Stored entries
text \<open>Exchanging the roles of (x, a) and (y, b) preserves cube_linked, as (y,x) = (x,y)\<inverse>.\<close>
lemma (in group) cube_linked_swap:
  assumes "x \<in> carrier G" "y \<in> carrier G" "cube_linked y x b a"
  shows "cube_linked x y a b"
proof -
  obtain k where k: "k \<in> carrier G" "k [^] (3::nat) = \<one>"
    and links: "inv y \<otimes> b \<in> {k, inv k}" "inv x \<otimes> a \<in> {k, inv k}" "gcomm G y x \<in> {k, inv k}"
    using assms(3) unfolding cube_linked_def by blast
  have "gcomm G x y = inv (gcomm G y x)" using assms(2,1) by (rule gcomm_swap)
  then have "gcomm G x y \<in> {k, inv k}" using inv_in_pair[OF k(1) links(3)] by simp
  then show ?thesis using k links by (intro cube_linkedI)
qed

text \<open>Exchanging x with a and y with b preserves cube_linked when xy = ab and yx = ba,
  because then (a,b) = (x,y) and a\<inverse>x = (x\<inverse>a)\<inverse>.\<close>
lemma (in group) cube_linked_mirror:
  assumes carrier: "x \<in> carrier G" "y \<in> carrier G" "a \<in> carrier G" "b \<in> carrier G"
    and "cube_linked a b x y" "x \<otimes> y = a \<otimes> b" "y \<otimes> x = b \<otimes> a"
  shows "cube_linked x y a b"
proof -
  obtain k where k: "k \<in> carrier G" "k [^] (3::nat) = \<one>"
    and links: "inv a \<otimes> x \<in> {k, inv k}" "inv b \<otimes> y \<in> {k, inv k}" "gcomm G a b \<in> {k, inv k}"
    using assms(5) unfolding cube_linked_def by blast
  have "inv (inv a \<otimes> x) = inv x \<otimes> a" "inv (inv b \<otimes> y) = inv y \<otimes> b"
    using carrier by (simp_all add: inv_mult_group)
  then have "inv x \<otimes> a \<in> {k, inv k}" "inv y \<otimes> b \<in> {k, inv k}"
    using inv_in_pair[OF k(1) links(1)] inv_in_pair[OF k(1) links(2)] by simp_all
  moreover have "gcomm G x y \<in> {k, inv k}" using assms links(3) by (simp add: gcomm_eq)
  ultimately show ?thesis using k by (intro cube_linkedI)
qed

Task: Filter the records above, keeping each line that contains the word "assumes".

Task answer:
  assumes "x \<in> carrier G" "y \<in> carrier G" "cube_linked y x b a"
  assumes carrier: "x \<in> carrier G" "y \<in> carrier G" "a \<in> carrier G" "b \<in> carrier G"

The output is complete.